Alternatively, you can also delete the Windows.old folder using the Settings app.

Therefore, they do not affect the size of the installation. Once you've installed Windows 11, it's still not too late to free up some space and make room for other apps and programs. If you have upgraded from an earlier version of Windows to Windows 11, your system will likely retain a Windows.old folder, taking up significant space in the boot volume. You can free up that space by deleting the folder. However, keep in mind that you will not be able to roll back to a previous OS version once the Windows.old folder is deleted. 1. To delete a folder, you must enable the hidden folder view in File Explorer. Launch Explorer, click the ellipse (3 dots) from the top, then click Options from the expanded menu. 2. From the Folder Options window, switch to the View tab. From there, select the Show hidden files, folders, and drives radio button, then uncheck the box next to Hide protected operating system files (Recommended). At this point, you will see a confirmation box, click Yes, then click Apply and Ok. 3. Now, navigate to the system volume (usually drive C) using File Explorer. From there, you will see the Windows.old folder. Right-click on it and then click Delete from the context menu to delete this folder. Alternatively, you can also delete the Windows.old folder using the Settings app. If you have a Windows.old folder, the application will recommend you for the Previous Windows installation(s).

2. Now scroll down and click on Advanced System Settings in the related link section.

Check the box next to it, then click Clean up. Hibernation mode in Windows puts the computer to sleep while preserving all your open data in a file called hiberfil.sys. These hidden files are stored on the boot drive, and disabling hibernation mode automatically deletes them. Disabling this feature will automatically create almost 16 GB of free disk space on our boot drive. You will now find that some disk space has been freed on the boot drive. The pagefile is another hidden system file whose purpose is to compensate for the lack of RAM. Sometimes, the data in your system memory takes refuge in the Pagefile, which is on your storage drive (volume C), which then takes up a lot of space. While we don't recommend disabling the Pagefile completely, as it is an important feature that contributes to the normal functionality of the operating system, it can still be done if needed. You can determine the optimal page file size and then use the guide below to set it or disable it completely. 2. Now scroll down and click on Advanced System Settings in the related link section. 3. In the System Properties window, switch to the Advanced tab and then click Settings under Performance.

4. In the Performance Options window, switch to the Advanced tab, and then click Change under Virtual memory. 5. In the Virtual Memory window, uncheck the box next to Automatically manage paging file size for all drives.

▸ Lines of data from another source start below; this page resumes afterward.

lemma irreducible_fps_prime_product_plus_X:
  fixes \<pi> \<sigma> :: "'a::idom" and U :: "'a fps"
  assumes "prime_elem \<pi>" "prime_elem \<sigma>" "\<not> associated \<pi> \<sigma>" "\<not> comaximal \<pi> \<sigma>"
    and "U dvd 1"
  shows "irreducible (fps_const (\<pi> * \<sigma>) + fps_X * U)"
proof (rule irreducible_fpsI)
  show "(fps_const (\<pi> * \<sigma>) + fps_X * U) $ 1 dvd 1" using assms(5) by (simp add: fps_dvd_one_iff)
  show "\<not> (fps_const (\<pi> * \<sigma>) + fps_X * U) $ 0 dvd 1"
    using assms(1) by (auto simp: prime_elem_not_unit dest: dvd_mult_left)
qed (simp add: comaximal_factorization_of_prime_product[OF assms(1-4)])

lemma prime_product_not_associated_prime_power:
  fixes \<pi> \<sigma> :: "'a::idom"
  assumes "prime_elem \<pi>" "prime_elem \<sigma>" "\<not> associated \<pi> \<sigma>" and "prime_elem p"
  shows "\<not> associated (\<pi> * \<sigma>) (p ^ n)"
proof
  assume "associated (\<pi> * \<sigma>) (p ^ n)"
  then have "\<pi> dvd p ^ n" "\<sigma> dvd p ^ n"
    unfolding associated_def by (auto intro: dvd_mult_left dvd_mult_right)
  then have "\<pi> dvd p" "\<sigma> dvd p" using assms(1,2) prime_elem_dvd_power by blast+
  then have "associated p \<pi>" "associated p \<sigma>"
    using assms(1,2,4) by (simp_all add: associated_if_dvd_prime_elem prime_elem_not_unit)
  then have "associated \<pi> \<sigma>" unfolding associated_def by (blast intro: dvd_trans)
  with assms(3) show False ..
qed

lemma is_PID_principal:
  fixes I :: "'a::idom set"
  assumes "is_PID TYPE('a)" and "ring_ideal I"
  obtains c where "c \<in> I" and "\<And>x. x \<in> I \<Longrightarrow> c dvd x"
proof -
  obtain c where I: "I = {c * r | r. True}" using assms unfolding is_PID_def by blast
  have "c \<in> I" unfolding I by (auto intro!: exI[of _ 1])
  moreover have "c dvd x" if "x \<in> I" for x using that unfolding I by auto
  ultimately show thesis by (rule that)
qed

lemma is_PID_bezout:
  fixes a b :: "'a::idom"
  assumes "is_PID TYPE('a)"
  obtains d u v where "d dvd a" and "d dvd b" and "d = a * u + b * v"
proof -
  let ?I = "{a * u + b * v | u v. True}"
  have "ring_ideal ?I" unfolding ring_ideal_def
  proof (intro conjI ballI allI)
    show "0 \<in> ?I" by (auto intro!: exI[of _ 0])
  next
    fix x y assume "x \<in> ?I" "y \<in> ?I"
    then obtain u v u' v' where "x = a * u + b * v" "y = a * u' + b * v'" by blast
    then have "x + y = a * (u + u') + b * (v + v')" by (simp add: algebra_simps)
    then show "x + y \<in> ?I" by blast
  next
    fix r x assume "x \<in> ?I"
    then obtain u v where "x = a * u + b * v" by blast
    then have "r * x = a * (r * u) + b * (r * v)" by (simp add: algebra_simps)
    then show "r * x \<in> ?I" by blast
  qed
  then obtain d where "d \<in> ?I" and dvd: "\<And>x. x \<in> ?I \<Longrightarrow> d dvd x"
    using is_PID_principal[OF assms] by blast
  have "a = a * 1 + b * 0" "b = a * 0 + b * 1" by simp_all
  then have "d dvd a" "d dvd b" using dvd by blast+
  moreover obtain u v where "d = a * u + b * v" using \<open>d \<in> ?I\<close> by blast
  ultimately show thesis by (rule that)
qed

lemma is_PID_comaximal_if_not_dvd:
  fixes q a :: "'a::idom"
  assumes "is_PID TYPE('a)" and "irreducible q" and "\<not> q dvd a"
  shows "comaximal q a"
proof -
  obtain d u v where d: "d dvd q" "d dvd a" "d = q * u + a * v"
    using is_PID_bezout[OF assms(1)] by blast
  obtain t where "q = d * t" using d(1) by (elim dvdE)
  then have "d dvd 1 \<or> t dvd 1" using irreducibleD[OF assms(2)] by blast
  moreover have "\<not> t dvd 1"
  proof
    assume "t dvd 1"
    then have "associated (d * t) d" by (rule associated_mult_unit_left)
    then have "q dvd d" using \<open>q = d * t\<close> by (simp add: associated_def)
    then have "q dvd a" using d(2) by (rule dvd_trans)
    with assms(3) show False ..
  qed
  ultimately have "(q * u + a * v) dvd 1" using d(3) by simp
  then show ?thesis by (rule comaximalI_unit)
qed

lemma is_PID_irreducible_imp_prime_elem:
  assumes "is_PID TYPE('a::idom)" and "irreducible (q :: 'a)"
  shows "prime_elem q"
proof (rule prime_elemI)
  show "q \<noteq> 0" "\<not> q dvd 1" using assms(2) by (auto simp: irreducible_def)
  fix a b assume "q dvd a * b"
  show "q dvd a \<or> q dvd b"
  proof (cases "q dvd a")
    case False
    then have "comaximal q a" by (rule is_PID_comaximal_if_not_dvd[OF assms])
    then obtain x y where "q * x + a * y = 1" unfolding comaximal_def by blast
    then have "b = b * (q * x + a * y)" by simp
    also have "\<dots> = q * (x * b) + (a * b) * y" by (simp add: algebra_simps)
    finally have b: "b = q * (x * b) + (a * b) * y" .
    have "q dvd q * (x * b) + (a * b) * y" using \<open>q dvd a * b\<close> by (simp add: dvd_add)
    then have "q dvd b" by (simp only: b[symmetric])
    then show ?thesis ..
  qed blast
qed

lemma is_PID_wf_strict_dvd:
  assumes "is_PID TYPE('a::idom)"
  shows "wf {(a, b :: 'a). a dvd b \<and> \<not> b dvd a}"
  unfolding wf_iff_no_infinite_down_chain
proof
  assume "\<exists>g. \<forall>i. (g (Suc i), g i) \<in> {(a, b :: 'a). a dvd b \<and> \<not> b dvd a}"
  then obtain g :: "nat \<Rightarrow> 'a"
    where desc: "\<And>i. g (Suc i) dvd g i" and strict: "\<And>i. \<not> g i dvd g (Suc i)"
    by blast
  have chain: "g m dvd g n" if "n \<le> m" for m n
    using that
  proof (induction m rule: dec_induct)
    case (step m)
    from desc[of m] step.IH show ?case by (rule dvd_trans)
  qed simp
  let ?I = "{x. \<exists>n. g n dvd x}"
  have "ring_ideal ?I" unfolding ring_ideal_def
  proof (intro conjI ballI allI)
    show "0 \<in> ?I" by simp
  next
    fix x y assume "x \<in> ?I" "y \<in> ?I"
    then obtain n m where "g n dvd x" "g m dvd y" by blast
    moreover have "g (max n m) dvd g n" "g (max n m) dvd g m" by (simp_all add: chain)
    ultimately have "g (max n m) dvd x + y" by (meson dvd_add dvd_trans)
    then show "x + y \<in> ?I" by blast
  next
    fix r x assume "x \<in> ?I"
    then obtain n where "g n dvd x" by blast
    then have "g n dvd r * x" by (rule dvd_mult)
    then show "r * x \<in> ?I" by blast
  qed
  then obtain c where "c \<in> ?I" and c_dvd: "\<And>x. x \<in> ?I \<Longrightarrow> c dvd x"
    using is_PID_principal[OF assms] by blast
  then obtain N where "g N dvd c" by blast
  moreover have "c dvd g (Suc N)" by (rule c_dvd, rule CollectI, rule exI[of _ "Suc N"]) simp
  ultimately have "g N dvd g (Suc N)" by (rule dvd_trans)
  with strict show False by blast
qed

Once done, you should now select Custom size and then enter the minimum and maximum values ​​for the Pagefile size. Alternatively, you can select the No paging file radio button to disable the feature completely. Click Set and Ok when done. 6. Restart your computer for the changes to take effect. Disk Cleanup is a built-in feature in Windows 11 that deletes all unnecessary data that the system no longer needs, automatically. 1. Open File Explorer, then right-click on the boot volume. Click Properties from the context menu. 2. From the Properties window, click Disk Cleanup. 3. From the Disk cleanup window, check all the boxes under Files for deletion, and then click Clean up system files. 4. In the next window, check all the file boxes under Files to delete them again, then click Ok. 5. You will now be asked to confirm. 6. The deletion process will now begin and should only take a few moments. Once done, close the Properties window. You will now be creating significant free space, reducing the footprint of Windows 11 itself.